>>>>

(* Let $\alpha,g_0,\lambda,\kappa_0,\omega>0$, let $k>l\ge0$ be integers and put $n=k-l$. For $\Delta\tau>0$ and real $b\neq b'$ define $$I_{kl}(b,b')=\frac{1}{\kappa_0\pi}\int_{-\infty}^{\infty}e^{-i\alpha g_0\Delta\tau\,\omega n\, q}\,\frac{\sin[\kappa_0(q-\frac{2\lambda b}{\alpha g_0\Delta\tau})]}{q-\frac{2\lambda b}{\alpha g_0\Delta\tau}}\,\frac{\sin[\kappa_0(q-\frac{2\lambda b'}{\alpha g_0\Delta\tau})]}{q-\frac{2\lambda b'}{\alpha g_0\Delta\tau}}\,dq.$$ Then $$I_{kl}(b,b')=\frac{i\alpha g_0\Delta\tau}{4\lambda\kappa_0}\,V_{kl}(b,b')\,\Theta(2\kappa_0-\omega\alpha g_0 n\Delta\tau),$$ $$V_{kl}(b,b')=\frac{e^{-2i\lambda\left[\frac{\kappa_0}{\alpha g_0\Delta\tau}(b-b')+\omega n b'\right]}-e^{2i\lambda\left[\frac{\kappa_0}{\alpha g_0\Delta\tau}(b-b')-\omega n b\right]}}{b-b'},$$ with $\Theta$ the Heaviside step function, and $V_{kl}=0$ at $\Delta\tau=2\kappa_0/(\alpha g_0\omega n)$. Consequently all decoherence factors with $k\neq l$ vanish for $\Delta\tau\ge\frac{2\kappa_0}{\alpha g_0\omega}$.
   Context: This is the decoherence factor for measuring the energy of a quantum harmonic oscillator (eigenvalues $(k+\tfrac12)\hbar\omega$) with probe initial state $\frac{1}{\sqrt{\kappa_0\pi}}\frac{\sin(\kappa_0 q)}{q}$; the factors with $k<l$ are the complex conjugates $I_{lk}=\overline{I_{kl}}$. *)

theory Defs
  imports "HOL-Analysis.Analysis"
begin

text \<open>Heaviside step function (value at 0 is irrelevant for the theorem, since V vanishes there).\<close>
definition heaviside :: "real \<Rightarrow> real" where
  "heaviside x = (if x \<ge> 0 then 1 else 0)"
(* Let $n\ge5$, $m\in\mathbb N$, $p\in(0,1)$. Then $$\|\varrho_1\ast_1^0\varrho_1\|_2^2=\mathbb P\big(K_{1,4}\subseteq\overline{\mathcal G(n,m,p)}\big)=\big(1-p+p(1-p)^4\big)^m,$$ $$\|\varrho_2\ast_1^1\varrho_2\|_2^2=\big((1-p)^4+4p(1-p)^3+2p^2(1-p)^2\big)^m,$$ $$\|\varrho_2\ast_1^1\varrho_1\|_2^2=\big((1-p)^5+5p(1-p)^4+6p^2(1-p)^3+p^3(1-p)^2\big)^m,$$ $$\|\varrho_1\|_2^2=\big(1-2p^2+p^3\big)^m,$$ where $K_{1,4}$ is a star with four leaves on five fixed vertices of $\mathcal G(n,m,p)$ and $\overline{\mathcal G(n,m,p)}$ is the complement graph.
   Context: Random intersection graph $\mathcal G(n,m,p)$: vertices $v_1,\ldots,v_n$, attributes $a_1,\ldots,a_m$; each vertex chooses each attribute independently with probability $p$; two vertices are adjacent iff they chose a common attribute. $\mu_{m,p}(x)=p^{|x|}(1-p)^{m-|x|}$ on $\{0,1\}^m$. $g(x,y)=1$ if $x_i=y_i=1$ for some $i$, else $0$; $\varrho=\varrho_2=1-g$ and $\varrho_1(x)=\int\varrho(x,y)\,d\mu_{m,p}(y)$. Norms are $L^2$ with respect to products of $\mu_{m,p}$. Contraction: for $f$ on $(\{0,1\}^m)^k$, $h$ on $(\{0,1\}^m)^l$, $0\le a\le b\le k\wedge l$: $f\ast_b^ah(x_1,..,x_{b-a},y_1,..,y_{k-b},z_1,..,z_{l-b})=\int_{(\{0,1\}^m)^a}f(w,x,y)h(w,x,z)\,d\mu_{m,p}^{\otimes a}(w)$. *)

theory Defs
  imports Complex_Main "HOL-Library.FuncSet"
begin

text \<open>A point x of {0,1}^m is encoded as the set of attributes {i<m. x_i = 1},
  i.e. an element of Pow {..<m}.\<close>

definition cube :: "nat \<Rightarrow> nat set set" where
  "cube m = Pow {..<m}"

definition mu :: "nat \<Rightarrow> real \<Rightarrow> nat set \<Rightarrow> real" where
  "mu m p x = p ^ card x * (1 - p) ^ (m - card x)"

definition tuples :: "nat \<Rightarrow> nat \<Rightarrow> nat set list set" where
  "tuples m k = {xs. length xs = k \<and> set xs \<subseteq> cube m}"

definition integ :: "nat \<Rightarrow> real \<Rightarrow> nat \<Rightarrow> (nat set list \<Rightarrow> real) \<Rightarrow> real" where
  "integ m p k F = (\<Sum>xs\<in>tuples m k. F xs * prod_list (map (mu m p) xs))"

<<<<

## Work order:
Scan the lines above for "text \<open>A point" and for "card x * (1". Repeat exactly the line holding each of them and every line in between.

## Task solution:
text \<open>A point x of {0,1}^m is encoded as the set of attributes {i<m. x_i = 1},
  i.e. an element of Pow {..<m}.\<close>

definition cube :: "nat \<Rightarrow> nat set set" where
  "cube m = Pow {..<m}"

definition mu :: "nat \<Rightarrow> real \<Rightarrow> nat set \<Rightarrow> real" where
  "mu m p x = p ^ card x * (1 - p) ^ (m - card x)"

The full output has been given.